C’est dans les débats d’où sortit l’Ausgleich qu’on peut admirer la vigueur de logique et l’extrême bon sens de Deák. En défendant son projet contre ses adversaires Tisza et Ghyczy, il ne dissimule pas les imperfections de son œuvre; tout ce qu’il veut prouver, c’est que dans la situation que les circonstances ont faite, il faut bien l’accepter. Ici encore il se montre fidèle à sa maxime favorite : ne céder à aucun prix sur le fond même du droit, mais transiger sur les détails d’exécution. Par l’adoption de l’Ausgleich, il était arrivé au but qu’il avait toujours poursuivi. La Hongrie avait reconquis ses libertés, son autonomie était respectée. La continuité du droit ne recevait aucune atteinte, et d’autre part les états héréditaires étaient dotés d’un régime constitutionnel, garantie indispensable du respect de la constitution hongroise. Il est certain qu’en 1867 c’est l’accord de M. de Beust et de Deák qui a sauvé l’Autriche d’une dissolution imminente.

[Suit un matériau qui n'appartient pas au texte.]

(* Let $\mathbf{A}=[\mathbf{a}_1,\dots,\mathbf{a}_L]\in\mathbb{C}^{N\times L}$ have unit-norm columns, and let $\mu=\max_{p\neq q}|\langle \mathbf{a}_p,\mathbf{a}_q\rangle|$ be its mutual coherence, assumed to satisfy $\mu>0$. Let $K$ be a positive integer with $K<\tfrac12(\mu^{-1}+1)$, let $\mathcal{S}\subset\{1,\dots,L\}$ with $|\mathcal{S}|=K$, and let $\mathbf{x}\in\mathbb{C}^L$ be given by $x_i=1$ for $i\in\mathcal{S}$ and $x_i=0$ otherwise (the case $M=1$, i.e. constellation $\mathcal{B}=\{1\}$). Let the observation be noiseless, $\mathbf{y}=\mathbf{A}\mathbf{x}=\sum_{i\in\mathcal{S}}\mathbf{a}_i$. Then the Match and Decode (MAD) algorithm with $M=1$ (defined in the context), run with inputs $\mathbf{A},\mathbf{y},K$ and no partial information, outputs $\hat{\mathbf{x}}^{(K)}=\mathbf{x}$; in particular the recovered codeword $\hat{\mathbf{s}}=\mathbf{A}\hat{\mathbf{x}}^{(K)}$ equals the transmitted codeword $\mathbf{s}=\mathbf{A}\mathbf{x}$.
   Context: Inner product: $\langle \mathbf{u},\mathbf{v}\rangle=\mathbf{v}^*\mathbf{u}$ on $\mathbb{C}^N$. MAD algorithm with $M=1$ (constellation $\mathcal{B}=\{1\}$): initialize $t=0$, $\hat{\mathcal{S}}=\emptyset$, residual $\mathbf{r}^{(0)}=\mathbf{y}$, estimate $\hat{\mathbf{x}}^{(0)}=\mathbf{0}$. While $t<K$: compute $c_i=\langle \mathbf{r}^{(t)},\mathbf{a}_i\rangle$ for $i\notin\hat{\mathcal{S}}$ and the metric $p_i=\mathrm{Re}\{c_i\}-\tfrac12$; select $\hat i=\arg\max_{i\notin\hat{\mathcal{S}}}p_i$; update $\hat{\mathcal{S}}\leftarrow\hat{\mathcal{S}}\cup\{\hat i\}$, $\hat{\mathbf{x}}^{(t+1)}=\hat{\mathbf{x}}^{(t)}+\mathbf{e}_{\hat i}$ ($\mathbf{e}_n$ the $n$-th standard basis vector of $\mathbb{C}^L$), $\mathbf{r}^{(t+1)}=\mathbf{r}^{(t)}-\mathbf{a}_{\hat i}$, and $t\leftarrow t+1$. Output $\hat{\mathbf{x}}^{(K)}$. *)

theory Defs
  imports "HOL-Analysis.Analysis"
begin

text \<open>Vectors of C^N are modelled as complex^'n ('n a finite index type, N = CARD('n)).
  The dictionary A = [a_1,...,a_L] is a function from column indices {1..L} to complex^'n.
  Vectors of C^L are functions nat => complex, only meaningful on {1..L}.\<close>

definition cinner :: "complex^'n \<Rightarrow> complex^'n \<Rightarrow> complex" where
  "cinner u v = (\<Sum>j\<in>UNIV. cnj (v $ j) * u $ j)"

definition mutual_coherence :: "(nat \<Rightarrow> complex^'n) \<Rightarrow> nat \<Rightarrow> real" where
  "mutual_coherence A L =
     Max ((\<lambda>(p,q). cmod (cinner (A p) (A q))) ` {(p,q). p \<in> {1..L} \<and> q \<in> {1..L} \<and> p \<noteq> q})"

definition mat_vec :: "(nat \<Rightarrow> complex^'n) \<Rightarrow> nat \<Rightarrow> (nat \<Rightarrow> complex) \<Rightarrow> complex^'n" where
  "mat_vec A L x = (\<Sum>i=1..L. x i *s A i)"

definition std_basis :: "nat \<Rightarrow> nat \<Rightarrow> complex" where
  "std_basis n = (\<lambda>k. if k = n then 1 else 0)"

definition mad_sel :: "nat list \<Rightarrow> nat \<Rightarrow> nat set" where
  "mad_sel is t = set (take t is)"

definition mad_xhat :: "nat list \<Rightarrow> nat \<Rightarrow> nat \<Rightarrow> complex" where
  "mad_xhat is t = (\<lambda>k. (\<Sum>s\<leftarrow>take t is. std_basis s k))"

definition mad_res :: "(nat \<Rightarrow> complex^'n) \<Rightarrow> complex^'n \<Rightarrow> nat list \<Rightarrow> nat \<Rightarrow> complex^'n" where
  "mad_res A y is t = y - (\<Sum>s\<leftarrow>take t is. A s)"

definition mad_metric :: "(nat \<Rightarrow> complex^'n) \<Rightarrow> complex^'n \<Rightarrow> nat \<Rightarrow> real" where
  "mad_metric A r i = Re (cinner r (A i)) - 1/2"

text \<open>A (possible) run of MAD with M = 1: the list of indices selected in iterations
  t = 0..K-1, each being an argmax (any tie-breaking) of the metric over the unselected indices.\<close>
definition mad_run :: "(nat \<Rightarrow> complex^'n) \<Rightarrow> nat \<Rightarrow> complex^'n \<Rightarrow> nat \<Rightarrow> nat list \<Rightarrow> bool" where
  "mad_run A L y K is \<longleftrightarrow> length is = K \<and>
     (\<forall>t<K. is ! t \<in> {1..L} - mad_sel is t \<and>
        (\<forall>j \<in> {1..L} - mad_sel is t.
           mad_metric A (mad_res A y is t) j \<le> mad_metric A (mad_res A y is t) (is ! t)))"

end

theory Submission
  imports Defs
begin

text \<open>As long as the residual is the sum of the columns of a nonempty set R of still
  undetected support indices, each of them has metric at least
  1 - (|R| - 1)\<mu> - 1/2 and every off-support column at most |R|\<mu> - 1/2.
  Since |R| \<le> K and (2K - 1)\<mu> < 1, the greedy choice therefore always lies in R;
  after K steps the whole support has been selected, each index exactly once.\<close>

lemma cinner_sum_left: "cinner (sum f F) v = (\<Sum>i\<in>F. cinner (f i) v)"
  unfolding cinner_def by (simp add: sum_distrib_left sum.swap[of _ F])

lemma cinner_self_eq_norm_square: "cinner u u = complex_of_real ((norm u)\<^sup>2)"
proof -
  have "(norm u)\<^sup>2 = (\<Sum>j\<in>UNIV. (cmod (u $ j))\<^sup>2)"
    unfolding norm_vec_def L2_set_def by (simp add: sum_nonneg)
  hence "complex_of_real ((norm u)\<^sup>2) = (\<Sum>j\<in>UNIV. complex_of_real ((cmod (u $ j))\<^sup>2))"
    by simp
  also have "\<dots> = cinner u u" unfolding cinner_def
    by (rule sum.cong) (auto simp flip: of_real_power simp: complex_norm_square mult.commute)
  finally show ?thesis by simp
qed

lemma cmod_cinner_le_mutual_coherence:
  assumes "p \<in> {1..L}" "q \<in> {1..L}" "p \<noteq> q"
  shows "cmod (cinner (A p) (A q)) \<le> mutual_coherence A L"
proof -
  have fin: "finite {(p, q). p \<in> {1..L} \<and> q \<in> {1..L} \<and> p \<noteq> (q::nat)}"
    by (rule finite_subset[of _ "{1..L} \<times> {1..L}"]) auto
  show ?thesis unfolding mutual_coherence_def
    by (rule Max_ge) (use fin assms in auto)
qed

lemma Re_cinner_sum_ge:
  assumes "finite R" "j \<in> R" "norm (A j) = 1"
    and coh: "\<forall>i\<in>R - {j}. cmod (cinner (A i) (A j)) \<le> \<mu>"
  shows "1 - (real (card R) - 1) * \<mu> \<le> Re (cinner (sum A R) (A j))"
proof -
  have "real (card (R - {j})) * (- \<mu>) \<le> (\<Sum>i\<in>R - {j}. Re (cinner (A i) (A j)))"
    using coh abs_Re_le_cmod by (intro sum_bounded_below) (smt (verit))
  moreover have "real (card (R - {j})) = real (card R) - 1"
    using assms(1,2) by (cases "card R") (auto simp: card_Diff_singleton)
  moreover have "Re (cinner (A j) (A j)) = 1"
    using assms(3) by (simp add: cinner_self_eq_norm_square)
  ultimately show ?thesis
    using sum.remove[OF assms(1,2), of "\<lambda>i. Re (cinner (A i) (A j))"]
    by (simp add: cinner_sum_left algebra_simps)
qed

lemma Re_cinner_sum_le:
  assumes coh: "\<forall>i\<in>R. cmod (cinner (A i) (A j)) \<le> \<mu>"
  shows "Re (cinner (sum A R) (A j)) \<le> real (card R) * \<mu>"
proof -
  have "(\<Sum>i\<in>R. Re (cinner (A i) (A j))) \<le> real (card R) * \<mu>"
    using coh abs_Re_le_cmod by (intro sum_bounded_above) (smt (verit))
  then show ?thesis by (simp add: cinner_sum_left)
qed

lemma mad_metric_off_support_less:
  assumes unit: "\<forall>i\<in>{1..L}. norm (A i) = 1"
    and coh: "\<forall>p\<in>{1..L}. \<forall>q\<in>{1..L}. p \<noteq> q \<longrightarrow> cmod (cinner (A p) (A q)) \<le> \<mu>"
    and R: "R \<subseteq> {1..L}" "j \<in> R" and i: "i \<in> {1..L}" "i \<notin> R"
    and small: "(2 * real (card R) - 1) * \<mu> < 1"
  shows "mad_metric A (sum A R) i < mad_metric A (sum A R) j"
proof -
  have "finite R" using R(1) finite_subset by blast
  then have "1 - (real (card R) - 1) * \<mu> \<le> Re (cinner (sum A R) (A j))"
    by (rule Re_cinner_sum_ge) (use R unit coh in auto)
  moreover have "Re (cinner (sum A R) (A i)) \<le> real (card R) * \<mu>"
  proof (rule Re_cinner_sum_le, intro ballI)
    fix k assume "k \<in> R"
    with R(1) i show "cmod (cinner (A k) (A i)) \<le> \<mu>"
      using coh[rule_format, of k i] by blast
  qed
  ultimately show ?thesis
    using small unfolding mad_metric_def by (simp add: algebra_simps)
qed

lemma mad_argmax_in_support:
  assumes unit: "\<forall>i\<in>{1..L}. norm (A i) = 1"
    and coh: "\<forall>p\<in>{1..L}. \<forall>q\<in>{1..L}. p \<noteq> q \<longrightarrow> cmod (cinner (A p) (A q)) \<le> \<mu>"
    and R: "R \<subseteq> C" "C \<subseteq> {1..L}" "R \<noteq> {}"
    and small: "(2 * real (card R) - 1) * \<mu> < 1"
    and i: "i \<in> C" "\<forall>j\<in>C. mad_metric A (sum A R) j \<le> mad_metric A (sum A R) i"
  shows "i \<in> R"
proof (rule ccontr)
  assume "i \<notin> R"
  obtain j where "j \<in> R" using R(3) by blast
  have "mad_metric A (sum A R) i < mad_metric A (sum A R) j"
    using R(1,2) \<open>j \<in> R\<close> i(1) \<open>i \<notin> R\<close> small
    by (intro mad_metric_off_support_less[OF unit coh]) blast+
  moreover have "mad_metric A (sum A R) j \<le> mad_metric A (sum A R) i"
    using i(2) \<open>j \<in> R\<close> R(1) by blast
  ultimately show False by linarith
qed

lemma mad_run_snoc:
  assumes run: "mad_run A L y t xs"
    and i: "i \<in> {1..L} - set xs"
    and max: "\<forall>j\<in>{1..L} - set xs. mad_metric A (mad_res A y xs t) j \<le> mad_metric A (mad_res A y xs t) i"
  shows "mad_run A L y (Suc t) (xs @ [i])"
proof -
  have len: "length xs = t" using run by (simp add: mad_run_def)
  have "take t' (xs @ [i]) = take t' xs" if "t' \<le> t" for t'
    using len that by simp
  moreover have "(xs @ [i]) ! t' = xs ! t'" if "t' < t" for t'
    using len that by (simp add: nth_append)
  ultimately show ?thesis
    using run i max len unfolding mad_run_def mad_sel_def mad_res_def
    by (auto simp: less_Suc_eq nth_append)
qed

lemma mad_run_exists:
  assumes "K \<le> L"
  shows "\<exists>xs. mad_run A L y K xs"
  using assms
proof (induction K)
  case 0
  then show ?case by (simp add: mad_run_def)
next
  case (Suc t)
  then obtain xs where run: "mad_run A L y t xs" by auto
  define F where "F = {1..L} - set xs"
  define g where "g = mad_metric A (mad_res A y xs t)"
  have "card (set xs) < card {1..L}"
    using run Suc.prems card_length[of xs] by (simp add: mad_run_def)
  then have "F \<noteq> {}"
    unfolding F_def by (metis Diff_eq_empty_iff card_mono List.finite_set leD)
  then have "Max (g ` F) \<in> g ` F"
    unfolding F_def by (intro Max_in) auto
  then obtain i where "i \<in> F" "g i = Max (g ` F)" by auto
  then have "\<forall>j\<in>F. g j \<le> g i" unfolding F_def by simp
  with \<open>i \<in> F\<close> have "mad_run A L y (Suc t) (xs @ [i])"
    using run unfolding F_def g_def by (intro mad_run_snoc)
  then show ?case ..
qed

lemma mad_res_eq_sum_remaining:
  assumes "distinct (take t xs)" "set (take t xs) \<subseteq> S" "finite S"
  shows "mad_res A (sum A S) xs t = sum A (S - set (take t xs))"
  using assms
  by (simp add: mad_res_def sum_list_distinct_conv_sum_set sum_diff finite_subset)

lemma mad_xhat_distinct:
  assumes "distinct xs"
  shows "mad_xhat xs (length xs) k = (if k \<in> set xs then 1 else 0)"
  using assms by (simp add: mad_xhat_def std_basis_def sum_list_distinct_conv_sum_set)

lemma mat_vec_indicator:
  assumes "S \<subseteq> {1..L}"
  shows "mat_vec A L (\<lambda>i. if i \<in> S then 1 else 0) = sum A S"
proof -
  have "mat_vec A L (\<lambda>i. if i \<in> S then 1 else 0) = (\<Sum>i\<in>{1..L}. if i \<in> S then A i else 0)"
    unfolding mat_vec_def by (rule sum.cong) auto
  also have "\<dots> = sum A ({1..L} \<inter> S)" by (simp add: sum.inter_restrict)
  also have "{1..L} \<inter> S = S" using assms by blast
  finally show ?thesis .
qed

lemma mad_run_selects_support:
  assumes unit: "\<forall>i\<in>{1..L}. norm (A i) = 1"
    and coh: "\<forall>p\<in>{1..L}. \<forall>q\<in>{1..L}. p \<noteq> q \<longrightarrow> cmod (cinner (A p) (A q)) \<le> \<mu>"
    and \<mu>: "\<mu> \<ge> 0" "(2 * real K - 1) * \<mu> < 1"
    and S: "S \<subseteq> {1..L}" "card S = K"
    and run: "mad_run A L (sum A S) K xs"
  shows "distinct xs \<and> set xs = S"
proof -
  have finS: "finite S" using S(1) finite_subset by blast
  have len: "length xs = K" using run by (simp add: mad_run_def)
  have "distinct (take t xs) \<and> set (take t xs) \<subseteq> S" if "t \<le> K" for t
    using that
  proof (induction t)
    case 0
    then show ?case by simp
  next
    case (Suc t)
    then have tK: "t < K" and IH: "distinct (take t xs)" "set (take t xs) \<subseteq> S" by auto
    define R where "R = S - set (take t xs)"
    have cR: "card R = K - t"
      using IH len tK S(2) finS unfolding R_def by (simp add: card_Diff_subset distinct_card)
    have sel: "xs ! t \<in> {1..L} - set (take t xs)"
      and max: "\<forall>j\<in>{1..L} - set (take t xs). mad_metric A (sum A R) j \<le> mad_metric A (sum A R) (xs ! t)"
      using run tK mad_res_eq_sum_remaining[OF IH finS, of A]
      unfolding mad_run_def mad_sel_def R_def by auto
    have "(2 * real (card R) - 1) * \<mu> \<le> (2 * real K - 1) * \<mu>"
      using cR tK \<mu>(1) by (intro mult_right_mono) auto
    then have small: "(2 * real (card R) - 1) * \<mu> < 1" using \<mu>(2) by linarith
    have "xs ! t \<in> R"
    proof (rule mad_argmax_in_support[OF unit coh _ _ _ small sel max])
      show "R \<subseteq> {1..L} - set (take t xs)" "{1..L} - set (take t xs) \<subseteq> {1..L}"
        using S(1) by (auto simp: R_def)
      show "R \<noteq> {}" using cR tK by fastforce
    qed
    then have "xs ! t \<in> S" by (simp add: R_def)
    then show ?case
      using IH sel tK len by (simp add: take_Suc_conv_app_nth)
  qed
  from this[of K] len have "distinct xs" "set xs \<subseteq> S" by auto
  moreover from this have "card (set xs) = card S" using len S(2) by (simp add: distinct_card)
  ultimately show ?thesis using card_subset_eq[OF finS] by blast
qed

theorem lemma1:
  fixes A :: "nat \<Rightarrow> complex^'n" and L K :: nat and S :: "nat set"
    and x :: "nat \<Rightarrow> complex" and y :: "complex^'n"
  assumes unit: "\<forall>i\<in>{1..L}. norm (A i) = 1"
    and mu_pos: "mutual_coherence A L > 0"
    and K_pos: "K > 0"
    and K_bound: "real K < (1 / mutual_coherence A L + 1) / 2"
    and S_sub: "S \<subseteq> {1..L}" and S_card: "card S = K"
    and x_def: "x = (\<lambda>i. if i \<in> S then 1 else 0)"
    and y_def: "y = mat_vec A L x"
  shows "(\<exists>is. mad_run A L y K is) \<and>
         (\<forall>is. mad_run A L y K is \<longrightarrow>
            (\<forall>k\<in>{1..L}. mad_xhat is K k = x k) \<and>
            mat_vec A L (mad_xhat is K) = mat_vec A L x)"
proof (intro conjI allI impI)
  have "K \<le> L" using S_sub S_card card_mono[of "{1..L}" S] by simp
  then show "\<exists>xs. mad_run A L y K xs" by (rule mad_run_exists)
next
  fix xs assume run: "mad_run A L y K xs"
  have small: "(2 * real K - 1) * mutual_coherence A L < 1"
    using K_bound mu_pos by (simp add: field_simps)
  have coh: "\<forall>p\<in>{1..L}. \<forall>q\<in>{1..L}. p \<noteq> q \<longrightarrow>
      cmod (cinner (A p) (A q)) \<le> mutual_coherence A L"
    using cmod_cinner_le_mutual_coherence by blast
  have "distinct xs \<and> set xs = S"
    using run unfolding y_def x_def mat_vec_indicator[OF S_sub]
    by (intro mad_run_selects_support[OF unit coh _ small S_sub S_card]) (use mu_pos in simp)
  moreover have "length xs = K" using run by (simp add: mad_run_def)
  ultimately have xhat: "mad_xhat xs K = x"
    using mad_xhat_distinct[of xs] x_def by auto
  then show "\<forall>k\<in>{1..L}. mad_xhat xs K k = x k" by simp
  show "mat_vec A L (mad_xhat xs K) = mat_vec A L x" using xhat by simp
qed

end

On a voulu comparer Deák à Monk, qui, lui aussi, a restauré une dynastie; mais rien ne justifie ce parallèle, ni la nature de l’entreprise, ni les moyens employés pour la faire réussir. Monk a conspiré et conspiré contre la liberté au profit d’un régime si détestable, qu’il a fallu une seconde révolution pour en débarrasser

  1. Voyez la Revue du 1er avril 1868.